__What is needed__
Scan the records below. List lines holding "auto".

=== Section Start ===

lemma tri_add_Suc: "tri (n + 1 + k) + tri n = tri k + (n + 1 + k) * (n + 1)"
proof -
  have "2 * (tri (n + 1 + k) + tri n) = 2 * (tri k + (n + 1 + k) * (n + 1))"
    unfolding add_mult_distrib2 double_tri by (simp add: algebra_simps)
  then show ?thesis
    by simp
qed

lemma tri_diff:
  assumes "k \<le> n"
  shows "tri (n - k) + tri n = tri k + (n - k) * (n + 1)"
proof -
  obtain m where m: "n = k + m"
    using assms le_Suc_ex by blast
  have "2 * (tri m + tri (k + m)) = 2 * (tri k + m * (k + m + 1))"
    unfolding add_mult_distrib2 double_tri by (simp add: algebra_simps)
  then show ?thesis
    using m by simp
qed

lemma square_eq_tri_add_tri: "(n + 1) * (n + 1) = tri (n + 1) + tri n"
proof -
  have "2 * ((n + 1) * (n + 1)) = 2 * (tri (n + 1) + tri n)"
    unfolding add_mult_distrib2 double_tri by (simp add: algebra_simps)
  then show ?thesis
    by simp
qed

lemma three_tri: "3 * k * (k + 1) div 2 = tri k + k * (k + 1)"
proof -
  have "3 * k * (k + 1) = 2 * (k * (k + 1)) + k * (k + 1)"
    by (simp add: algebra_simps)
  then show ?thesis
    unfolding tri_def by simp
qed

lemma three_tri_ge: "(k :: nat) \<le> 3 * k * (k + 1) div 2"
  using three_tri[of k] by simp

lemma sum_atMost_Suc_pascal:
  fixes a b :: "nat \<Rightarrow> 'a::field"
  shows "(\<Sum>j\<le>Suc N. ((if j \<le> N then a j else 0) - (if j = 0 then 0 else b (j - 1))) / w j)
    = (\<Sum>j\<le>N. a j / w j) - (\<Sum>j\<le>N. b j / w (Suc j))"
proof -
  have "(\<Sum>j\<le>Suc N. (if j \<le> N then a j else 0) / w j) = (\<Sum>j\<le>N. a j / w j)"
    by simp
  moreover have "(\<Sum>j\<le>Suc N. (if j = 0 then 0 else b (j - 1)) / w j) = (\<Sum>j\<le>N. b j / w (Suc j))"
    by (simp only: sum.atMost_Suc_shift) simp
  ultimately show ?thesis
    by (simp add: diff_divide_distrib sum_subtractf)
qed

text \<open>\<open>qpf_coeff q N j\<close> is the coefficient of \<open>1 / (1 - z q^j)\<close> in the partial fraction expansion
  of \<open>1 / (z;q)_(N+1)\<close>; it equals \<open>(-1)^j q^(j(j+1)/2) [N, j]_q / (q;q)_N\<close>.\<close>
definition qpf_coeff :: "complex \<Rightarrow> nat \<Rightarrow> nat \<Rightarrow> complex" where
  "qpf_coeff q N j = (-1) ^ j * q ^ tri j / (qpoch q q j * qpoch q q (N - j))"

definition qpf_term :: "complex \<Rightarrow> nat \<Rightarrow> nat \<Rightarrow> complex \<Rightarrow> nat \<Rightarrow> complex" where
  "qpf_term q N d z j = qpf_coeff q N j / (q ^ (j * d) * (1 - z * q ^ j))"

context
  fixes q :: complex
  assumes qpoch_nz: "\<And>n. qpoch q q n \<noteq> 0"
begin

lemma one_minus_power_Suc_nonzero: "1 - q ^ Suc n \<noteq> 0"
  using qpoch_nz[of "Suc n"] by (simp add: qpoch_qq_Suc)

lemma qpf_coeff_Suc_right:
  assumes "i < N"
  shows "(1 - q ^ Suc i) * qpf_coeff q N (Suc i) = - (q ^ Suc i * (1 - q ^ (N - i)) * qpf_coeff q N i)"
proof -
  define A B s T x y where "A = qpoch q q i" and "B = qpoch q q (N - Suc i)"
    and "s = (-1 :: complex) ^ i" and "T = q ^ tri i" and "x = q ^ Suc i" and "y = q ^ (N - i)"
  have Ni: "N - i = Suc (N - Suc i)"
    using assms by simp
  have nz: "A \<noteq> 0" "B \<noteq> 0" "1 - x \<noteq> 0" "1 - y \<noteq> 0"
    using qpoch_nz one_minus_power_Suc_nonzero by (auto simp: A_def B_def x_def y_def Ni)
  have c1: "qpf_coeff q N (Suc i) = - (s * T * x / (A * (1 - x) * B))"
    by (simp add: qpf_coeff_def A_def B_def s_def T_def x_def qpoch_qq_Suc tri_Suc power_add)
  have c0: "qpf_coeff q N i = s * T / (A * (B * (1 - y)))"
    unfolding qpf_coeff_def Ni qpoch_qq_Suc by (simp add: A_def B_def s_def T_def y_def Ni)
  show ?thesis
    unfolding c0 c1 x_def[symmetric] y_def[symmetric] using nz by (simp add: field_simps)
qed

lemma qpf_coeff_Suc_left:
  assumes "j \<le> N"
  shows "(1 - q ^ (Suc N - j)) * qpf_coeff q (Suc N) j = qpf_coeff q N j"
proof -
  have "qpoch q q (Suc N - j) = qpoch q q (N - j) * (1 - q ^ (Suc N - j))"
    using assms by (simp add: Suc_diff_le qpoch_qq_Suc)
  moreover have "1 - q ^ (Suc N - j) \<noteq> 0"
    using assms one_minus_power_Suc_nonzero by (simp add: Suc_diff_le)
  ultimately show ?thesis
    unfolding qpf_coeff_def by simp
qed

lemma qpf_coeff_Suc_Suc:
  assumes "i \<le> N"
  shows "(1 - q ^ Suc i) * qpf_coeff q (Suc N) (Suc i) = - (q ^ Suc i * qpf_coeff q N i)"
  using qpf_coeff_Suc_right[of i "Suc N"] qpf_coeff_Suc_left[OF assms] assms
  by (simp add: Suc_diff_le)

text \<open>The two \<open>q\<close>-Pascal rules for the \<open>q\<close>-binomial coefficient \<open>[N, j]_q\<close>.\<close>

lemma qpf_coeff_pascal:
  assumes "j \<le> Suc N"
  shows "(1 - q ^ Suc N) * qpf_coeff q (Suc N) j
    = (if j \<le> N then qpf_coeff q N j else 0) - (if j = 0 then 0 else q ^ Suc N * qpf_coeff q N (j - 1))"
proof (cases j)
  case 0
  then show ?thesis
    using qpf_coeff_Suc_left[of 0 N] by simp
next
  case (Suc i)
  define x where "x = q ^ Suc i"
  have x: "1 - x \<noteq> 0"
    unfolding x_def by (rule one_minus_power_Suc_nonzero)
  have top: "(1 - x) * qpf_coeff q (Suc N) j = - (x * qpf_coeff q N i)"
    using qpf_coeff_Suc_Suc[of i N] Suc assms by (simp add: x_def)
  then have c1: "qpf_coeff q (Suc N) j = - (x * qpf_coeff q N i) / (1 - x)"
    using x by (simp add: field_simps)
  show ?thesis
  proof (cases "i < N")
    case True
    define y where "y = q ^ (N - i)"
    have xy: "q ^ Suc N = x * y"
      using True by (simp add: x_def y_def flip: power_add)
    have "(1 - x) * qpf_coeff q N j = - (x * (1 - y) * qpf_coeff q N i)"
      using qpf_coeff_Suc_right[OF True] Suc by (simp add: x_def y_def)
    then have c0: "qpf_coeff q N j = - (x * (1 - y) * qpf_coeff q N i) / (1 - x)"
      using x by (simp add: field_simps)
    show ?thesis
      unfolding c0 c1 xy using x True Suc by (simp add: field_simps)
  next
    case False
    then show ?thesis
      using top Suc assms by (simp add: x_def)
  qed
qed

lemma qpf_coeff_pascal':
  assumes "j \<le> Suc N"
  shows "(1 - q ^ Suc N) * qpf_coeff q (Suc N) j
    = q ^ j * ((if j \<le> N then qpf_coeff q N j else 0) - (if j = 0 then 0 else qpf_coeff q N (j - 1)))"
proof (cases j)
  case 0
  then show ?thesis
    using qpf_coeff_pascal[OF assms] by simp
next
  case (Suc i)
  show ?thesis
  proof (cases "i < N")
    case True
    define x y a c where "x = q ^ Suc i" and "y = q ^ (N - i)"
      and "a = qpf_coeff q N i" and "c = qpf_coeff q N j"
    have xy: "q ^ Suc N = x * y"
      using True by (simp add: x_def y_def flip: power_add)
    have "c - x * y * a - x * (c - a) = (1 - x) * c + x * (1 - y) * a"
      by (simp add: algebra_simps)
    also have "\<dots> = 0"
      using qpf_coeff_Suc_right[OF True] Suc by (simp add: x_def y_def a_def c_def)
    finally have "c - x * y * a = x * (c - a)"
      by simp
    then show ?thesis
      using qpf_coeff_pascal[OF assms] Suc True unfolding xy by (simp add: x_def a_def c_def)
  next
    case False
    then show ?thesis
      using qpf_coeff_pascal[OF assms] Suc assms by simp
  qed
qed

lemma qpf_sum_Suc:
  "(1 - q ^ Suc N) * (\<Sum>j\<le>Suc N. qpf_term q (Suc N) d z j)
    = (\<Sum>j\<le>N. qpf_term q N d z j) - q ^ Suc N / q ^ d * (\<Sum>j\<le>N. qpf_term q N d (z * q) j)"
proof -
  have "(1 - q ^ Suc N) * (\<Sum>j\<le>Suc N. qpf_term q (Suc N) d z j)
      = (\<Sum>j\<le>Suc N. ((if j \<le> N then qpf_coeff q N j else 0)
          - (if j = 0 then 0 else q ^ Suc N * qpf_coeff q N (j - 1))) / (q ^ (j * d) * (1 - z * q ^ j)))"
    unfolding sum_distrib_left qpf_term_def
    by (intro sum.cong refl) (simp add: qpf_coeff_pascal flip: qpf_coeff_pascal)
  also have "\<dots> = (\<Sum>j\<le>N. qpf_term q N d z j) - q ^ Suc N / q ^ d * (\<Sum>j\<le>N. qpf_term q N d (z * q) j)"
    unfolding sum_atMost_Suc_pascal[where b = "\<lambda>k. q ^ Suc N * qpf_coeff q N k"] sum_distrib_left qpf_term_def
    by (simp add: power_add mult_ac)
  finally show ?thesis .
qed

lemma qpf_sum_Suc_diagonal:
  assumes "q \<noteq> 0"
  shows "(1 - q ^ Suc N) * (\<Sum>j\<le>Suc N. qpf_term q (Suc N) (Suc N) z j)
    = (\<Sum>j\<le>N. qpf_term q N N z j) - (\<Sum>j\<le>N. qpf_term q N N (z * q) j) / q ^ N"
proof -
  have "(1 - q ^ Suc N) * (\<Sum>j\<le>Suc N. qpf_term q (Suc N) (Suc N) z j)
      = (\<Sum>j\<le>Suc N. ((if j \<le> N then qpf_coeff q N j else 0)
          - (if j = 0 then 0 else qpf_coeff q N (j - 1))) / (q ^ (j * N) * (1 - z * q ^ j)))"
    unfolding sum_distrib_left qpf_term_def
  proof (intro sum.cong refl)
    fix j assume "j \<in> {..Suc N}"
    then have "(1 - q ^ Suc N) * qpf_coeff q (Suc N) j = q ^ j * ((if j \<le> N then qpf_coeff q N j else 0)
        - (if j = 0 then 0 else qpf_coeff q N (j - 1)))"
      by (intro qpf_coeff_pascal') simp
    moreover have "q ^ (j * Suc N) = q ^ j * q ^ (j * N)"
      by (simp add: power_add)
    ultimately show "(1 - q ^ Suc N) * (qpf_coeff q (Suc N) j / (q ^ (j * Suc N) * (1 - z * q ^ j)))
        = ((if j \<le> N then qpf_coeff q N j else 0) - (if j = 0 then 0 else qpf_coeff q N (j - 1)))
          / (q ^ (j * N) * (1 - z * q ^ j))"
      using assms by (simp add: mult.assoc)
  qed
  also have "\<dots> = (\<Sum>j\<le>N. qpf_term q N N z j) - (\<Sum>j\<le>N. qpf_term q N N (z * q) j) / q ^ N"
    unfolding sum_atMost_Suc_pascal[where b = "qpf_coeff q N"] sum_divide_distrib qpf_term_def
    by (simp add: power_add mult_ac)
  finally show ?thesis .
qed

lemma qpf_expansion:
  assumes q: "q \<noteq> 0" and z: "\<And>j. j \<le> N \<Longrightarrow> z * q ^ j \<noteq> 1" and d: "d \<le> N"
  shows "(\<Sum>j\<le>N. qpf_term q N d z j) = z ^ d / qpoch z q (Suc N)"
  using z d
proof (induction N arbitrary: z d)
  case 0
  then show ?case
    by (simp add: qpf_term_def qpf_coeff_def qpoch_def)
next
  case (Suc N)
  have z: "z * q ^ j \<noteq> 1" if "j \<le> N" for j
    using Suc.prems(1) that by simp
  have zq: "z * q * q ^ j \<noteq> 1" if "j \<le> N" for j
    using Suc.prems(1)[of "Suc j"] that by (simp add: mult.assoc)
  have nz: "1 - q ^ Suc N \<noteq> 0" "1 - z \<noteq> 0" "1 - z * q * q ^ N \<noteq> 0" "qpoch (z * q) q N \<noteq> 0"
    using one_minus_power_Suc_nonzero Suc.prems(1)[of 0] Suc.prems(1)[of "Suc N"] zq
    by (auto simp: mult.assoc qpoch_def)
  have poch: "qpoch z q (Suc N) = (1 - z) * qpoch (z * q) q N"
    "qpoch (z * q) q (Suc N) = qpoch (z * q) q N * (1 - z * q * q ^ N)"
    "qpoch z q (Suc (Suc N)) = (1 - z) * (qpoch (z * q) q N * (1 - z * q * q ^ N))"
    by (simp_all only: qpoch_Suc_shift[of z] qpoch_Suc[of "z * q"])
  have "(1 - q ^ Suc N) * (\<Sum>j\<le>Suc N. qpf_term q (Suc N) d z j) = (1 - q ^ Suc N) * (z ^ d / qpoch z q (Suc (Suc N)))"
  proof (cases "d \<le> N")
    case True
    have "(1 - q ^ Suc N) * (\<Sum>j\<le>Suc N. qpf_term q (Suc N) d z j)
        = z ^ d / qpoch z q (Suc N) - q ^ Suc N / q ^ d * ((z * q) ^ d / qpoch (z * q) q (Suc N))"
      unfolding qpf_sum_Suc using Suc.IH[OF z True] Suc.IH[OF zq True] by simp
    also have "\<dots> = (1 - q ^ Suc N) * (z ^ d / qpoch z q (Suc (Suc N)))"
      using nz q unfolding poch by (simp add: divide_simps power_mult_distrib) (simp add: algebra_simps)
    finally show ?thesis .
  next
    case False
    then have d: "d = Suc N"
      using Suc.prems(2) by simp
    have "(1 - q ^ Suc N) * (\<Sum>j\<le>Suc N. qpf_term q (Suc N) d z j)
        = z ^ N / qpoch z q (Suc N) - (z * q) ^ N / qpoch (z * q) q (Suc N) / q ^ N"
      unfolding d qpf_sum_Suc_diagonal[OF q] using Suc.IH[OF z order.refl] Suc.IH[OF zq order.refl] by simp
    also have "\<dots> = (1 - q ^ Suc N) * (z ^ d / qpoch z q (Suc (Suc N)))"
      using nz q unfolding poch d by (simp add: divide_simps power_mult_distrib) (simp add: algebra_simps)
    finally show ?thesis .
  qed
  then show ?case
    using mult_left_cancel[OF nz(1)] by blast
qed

=== Section End ===

__The answer__
    using qpoch_nz one_minus_power_Suc_nonzero by (auto simp: A_def B_def x_def y_def Ni)
    by (auto simp: mult.assoc qpoch_def)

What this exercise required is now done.